Lewis Hamilton 'diliputi kemarahan' di berbagai acara di AS

Lewis Hamilton ‘diliputi kemarahan’ di berbagai acara di AS

Lewis Hamilton ‘diliputi kemarahan’ di berbagai acara di AS
Lewis Hamilton mengatakan dia “benar-benar diliputi kemarahan” di berbagai acara di AS setelah kematian George Floyd.

Agen Judi Bola – Ini adalah kedua kalinya Hamilton berbicara minggu ini setelah protes meletus di seluruh AS.
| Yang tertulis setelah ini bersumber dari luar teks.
lemma not_fully_elastic_if_elasticity_set_eq_one_infinity:
  assumes "elasticity_set M = {1, \<infinity>}"
  shows "\<not> fully_elastic M"
proof
  assume "fully_elastic M"
  then have "{1, \<infinity>} - {\<infinity>} = {ereal (of_rat q) | q. 1 \<le> q}"
    using assms by (simp add: fully_elastic_def)
  moreover have "ereal (of_rat 2) \<in> {ereal (of_rat q) | q. 1 \<le> q}"
    by (rule CollectI, rule exI[of _ 2]) simp
  ultimately have "ereal (of_rat 2) \<in> {1, \<infinity>}" by blast
  then show False by simp
qed

definition power_sum :: "rat \<Rightarrow> nat multiset \<Rightarrow> rat" where
  "power_sum r M = (\<Sum>i\<in>#M. r ^ i)"

lemma power_sum_empty [simp]: "power_sum r {#} = 0"
  and power_sum_add_mset [simp]: "power_sum r (add_mset i M) = r ^ i + power_sum r M"
  and power_sum_union [simp]: "power_sum r (M + N) = power_sum r M + power_sum r N"
  and power_sum_replicate_mset [simp]: "power_sum r (replicate_mset n i) = of_nat n * r ^ i"
  by (simp_all add: power_sum_def)

lemma S_eq_range_power_sum: "S r = range (power_sum r)"
proof (intro equalityI subsetI)
  fix x assume "x \<in> S r"
  then show "x \<in> range (power_sum r)"
  proof induction
    case zero
    show ?case by (metis power_sum_empty rangeI)
  next
    case (add_pow x n)
    then obtain M where "x = power_sum r M" by blast
    then have "x + r ^ n = power_sum r (add_mset n M)" by simp
    then show ?case by blast
  qed
next
  fix x assume "x \<in> range (power_sum r)"
  then obtain M where x: "x = power_sum r M" by blast
  have "power_sum r M \<in> S r"
    by (induction M) (simp_all add: S.zero, metis S.add_pow add.commute)
  then show "x \<in> S r" using x by simp
qed

lemma power_sum_in_S [simp]: "power_sum r M \<in> S r"
  by (simp add: S_eq_range_power_sum)

lemma power_in_S: "r ^ i \<in> S r"
  using power_sum_in_S[of r "{#i#}"] by simp

lemma power_sum_nonneg: "0 < r \<Longrightarrow> 0 \<le> power_sum r M"
  by (induction M) simp_all

lemma power_sum_pos: "0 < r \<Longrightarrow> M \<noteq> {#} \<Longrightarrow> 0 < power_sum r M"
  by (induction M) (auto intro: add_pos_nonneg power_sum_nonneg)

lemma power_sum_eq_0_iff: "0 < r \<Longrightarrow> power_sum r M = 0 \<longleftrightarrow> M = {#}"
  using power_sum_pos by fastforce

lemma size_le_power_sum: "1 \<le> r \<Longrightarrow> of_nat (size M) \<le> power_sum r M"
  by (induction M) (simp_all add: add_mono one_le_power)

section \<open>Digit expansions in a rational base\<close>

lemma sum_mset_image_eq_sum_count:
  fixes f :: "nat \<Rightarrow> 'a::comm_semiring_1"
  assumes "set_mset M \<subseteq> {..<N}"
  shows "(\<Sum>i\<in>#M. f i) = (\<Sum>i<N. of_nat (count M i) * f i)"
  using assms
proof (induction M)
  case (add a M)
  have "of_nat (count (add_mset a M) i) * f i = of_nat (count M i) * f i + (if i = a then f i else 0)"
    for i by (simp add: algebra_simps)
  then have "(\<Sum>i<N. of_nat (count (add_mset a M) i) * f i)
      = (\<Sum>i<N. of_nat (count M i) * f i) + (\<Sum>i<N. if i = a then f i else 0)"
    by (simp add: sum.distrib)
  with add show ?case by (simp add: add.commute)
qed simp

lemma power_sum_eq_digit_sum:
  "set_mset M \<subseteq> {..<N} \<Longrightarrow> power_sum r M = (\<Sum>i<N. of_nat (count M i) * r ^ i)"
  unfolding power_sum_def by (rule sum_mset_image_eq_sum_count)

lemma size_eq_digit_sum:
  assumes "set_mset (M :: nat multiset) \<subseteq> {..<N}"
  shows "size M = (\<Sum>i<N. count M i)"
proof -
  have "size M = (\<Sum>i\<in>set_mset M. count M i)"
    by (simp add: size_multiset_overloaded_eq)
  also have "\<dots> = (\<Sum>i<N. count M i)"
    using assms by (intro sum.mono_neutral_left) (auto simp: not_in_iff)
  finally show ?thesis .
qed

lemma multisets_bounded:
  fixes M W :: "nat multiset"
  obtains N :: nat where "set_mset M \<subseteq> {..<Suc N}" and "set_mset W \<subseteq> {..<Suc N}"
proof -
  obtain N where "\<forall>i\<in>set_mset M \<union> set_mset W. i \<le> N"
    using finite_nat_set_iff_bounded_le by blast
  then show thesis by (intro that[of N]) (auto simp: less_Suc_eq_le)
qed

lemma digit_sum_Suc_shift:
  fixes r :: "'a::comm_semiring_1"
  shows "(\<Sum>i<Suc N. of_nat (c i) * r ^ i) = of_nat (c 0) + r * (\<Sum>i<N. of_nat (c (Suc i)) * r ^ i)"
  unfolding sum.lessThan_Suc_shift sum_distrib_left by (simp add: ac_simps)

lemma digit_sum_reverse:
  fixes r :: "'a::field"
  assumes "r \<noteq> 0"
  shows "(\<Sum>i<Suc N. of_nat (c i) * r ^ i) = r ^ N * (\<Sum>i<Suc N. of_nat (c (N - i)) * inverse r ^ i)"
proof -
  have "r ^ N * (of_nat (c (N - i)) * inverse r ^ i) = of_nat (c (N - i)) * r ^ (N - i)"
    if "i < Suc N" for i
  proof -
    have "r ^ (N - i) = r ^ N / r ^ i"
      using that assms by (simp add: power_diff)
    then show ?thesis by (simp add: power_inverse divide_inverse)
  qed
  then have "r ^ N * (\<Sum>i<Suc N. of_nat (c (N - i)) * inverse r ^ i)
      = (\<Sum>i<Suc N. of_nat (c (Suc N - Suc i)) * r ^ (Suc N - Suc i))"
    unfolding sum_distrib_left by (intro sum.cong) simp_all
  also have "\<dots> = (\<Sum>i<Suc N. of_nat (c i) * r ^ i)"
    by (rule sum.nat_diff_reindex)
  finally show ?thesis ..
qed

lemma digit_sum_times_denominator_power_in_Nats:
  fixes a b :: nat and r :: rat
  assumes "0 < b" and r: "r = of_nat a / of_nat b"
  shows "(\<Sum>i<N. of_nat (c i) * r ^ i) * of_nat b ^ N \<in> \<nat>"
proof -
  have "of_nat (c i) * r ^ i * of_nat b ^ N = of_nat (c i * a ^ i * b ^ (N - i))" if "i < N" for i
  proof -
    have "(of_nat b :: rat) ^ N = of_nat b ^ i * of_nat b ^ (N - i)"
      using that by (metis le_add_diff_inverse less_imp_le power_add)
    then have "r ^ i * of_nat b ^ N = (r * of_nat b) ^ i * of_nat b ^ (N - i)"
      by (simp only: power_mult_distrib mult.assoc)
    also have "r * of_nat b = of_nat a"
      using \<open>0 < b\<close> by (simp add: r)
    finally show ?thesis by (simp add: mult.assoc)
  qed
  then have "(\<Sum>i<N. of_nat (c i) * r ^ i) * of_nat b ^ N = (\<Sum>i<N. of_nat (c i * a ^ i * b ^ (N - i)))"
    unfolding sum_distrib_right by (intro sum.cong) auto
  then show ?thesis by (simp only: of_nat_sum[symmetric] of_nat_in_Nats)
qed

lemma numerator_dvd_lowest_digit_diff:
  fixes a b :: nat and r :: rat
  assumes "coprime a b" and "0 < b" and r: "r = of_nat a / of_nat b"
    and eq: "(\<Sum>i<Suc N. of_nat (c i) * r ^ i) = (\<Sum>i<Suc N. of_nat (w i) * r ^ i)"
  shows "int a dvd int (c 0) - int (w 0)"
proof -
  define X where "X = (\<Sum>i<N. of_nat (c (Suc i)) * r ^ i)"
  define Y where "Y = (\<Sum>i<N. of_nat (w (Suc i)) * r ^ i)"
  obtain A B where A: "X * of_nat b ^ N = of_nat A" and B: "Y * of_nat b ^ N = of_nat B"
    using digit_sum_times_denominator_power_in_Nats[OF \<open>0 < b\<close> r]
    unfolding X_def Y_def by (metis Nats_cases)
  have rb: "r * of_nat b = of_nat a" using \<open>0 < b\<close> by (simp add: r)
  have "of_nat (c 0) + r * X = of_nat (w 0) + r * Y"
    using eq unfolding digit_sum_Suc_shift X_def Y_def .
  then have "(of_nat (c 0) + r * X) * of_nat b ^ Suc N = (of_nat (w 0) + r * Y) * of_nat b ^ Suc N"
    by simp
  then have "of_nat (c 0) * of_nat b ^ Suc N + (r * of_nat b) * (X * of_nat b ^ N)
      = of_nat (w 0) * of_nat b ^ Suc N + (r * of_nat b) * (Y * of_nat b ^ N)"
    by (simp add: algebra_simps)
  then have "(of_nat (c 0 * b ^ Suc N + a * A) :: rat) = of_nat (w 0 * b ^ Suc N + a * B)"
    unfolding rb A B by simp
  then have "int (c 0 * b ^ Suc N + a * A) = int (w 0 * b ^ Suc N + a * B)"
    by (simp only: of_nat_eq_iff)
  then have "(int (c 0) - int (w 0)) * int b ^ Suc N = int a * (int B - int A)"
    by (simp add: algebra_simps)
  then have "int a dvd (int (c 0) - int (w 0)) * int b ^ Suc N"
    by simp
  moreover have "coprime (int a) (int b ^ Suc N)"
    using \<open>coprime a b\<close> by simp
  ultimately show ?thesis
    using coprime_dvd_mult_left_iff by blast
qed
Floyd, seorang pria kulit hitam tak bersenjata, meninggal pada 25 Mei setelah seorang polisi kulit putih, sejak didakwa dengan pembunuhan, berlutut di lehernya selama beberapa menit.
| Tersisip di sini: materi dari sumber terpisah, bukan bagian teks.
definition nearest_double :: "real \<Rightarrow> real \<Rightarrow> bool" where
  "nearest_double f r \<longleftrightarrow> is_double f \<and> (\<forall>g. is_double g \<longrightarrow> \<bar>f - r\<bar> \<le> \<bar>g - r\<bar>)"

lemma rnd_eqI:
  assumes near: "nearest_double f r"
    and tie: "\<And>g. nearest_double g r \<Longrightarrow> g \<noteq> f \<Longrightarrow> even_double f \<and> \<not> even_double g"
  shows "rnd r = f"
  unfolding rnd_def
proof (rule the_equality, goal_cases)
  case 1
  show ?case
    using near tie unfolding nearest_double_def by force
next
  case (2 f')
  hence near': "nearest_double f' r"
    unfolding nearest_double_def by blast
  show "f' = f"
  proof (rule ccontr)
    assume "f' \<noteq> f"
    moreover have "\<bar>f - r\<bar> = \<bar>f' - r\<bar>"
      using near near' unfolding nearest_double_def by (meson order_antisym)
    ultimately have "even_double f'"
      using 2 near unfolding nearest_double_def by metis
    thus False using tie[OF near' \<open>f' \<noteq> f\<close>] by blast
  qed
qed

lemma rnd_eq_unique_nearest:
  assumes "is_double f" "\<And>g. is_double g \<Longrightarrow> g \<noteq> f \<Longrightarrow> \<bar>f - r\<bar> < \<bar>g - r\<bar>"
  shows "rnd r = f"
proof (rule rnd_eqI)
  show "nearest_double f r"
    unfolding nearest_double_def using assms by (metis order.refl order.strict_implies_order)
next
  fix g assume "nearest_double g r" "g \<noteq> f"
  thus "even_double f \<and> \<not> even_double g"
    using assms unfolding nearest_double_def by (meson not_le)
qed

lemma rnd_double: "is_double x \<Longrightarrow> rnd x = x"
  by (rule rnd_eq_unique_nearest) auto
“Minggu terakhir ini sangat gelap. Saya gagal mempertahankan emosi saya,” Hamilton, 35, mengatakan.

“Aku merasakan begitu banyak kemarahan, kesedihan dan ketidakpercayaan.”
Pada hari Minggu Hamilton, pembalap kulit hitam pertama Formula 1, mengecam tokoh F1 senior lainnya karena tidak berbicara, mengatakan: “Saya melihat kalian yang tetap diam, beberapa dari Anda bintang terbesar namun Anda tetap diam di tengah ketidakadilan . “

Itu mendorong sejumlah pendorong top untuk mengekspresikan kemarahan mereka sendiri di media sosial.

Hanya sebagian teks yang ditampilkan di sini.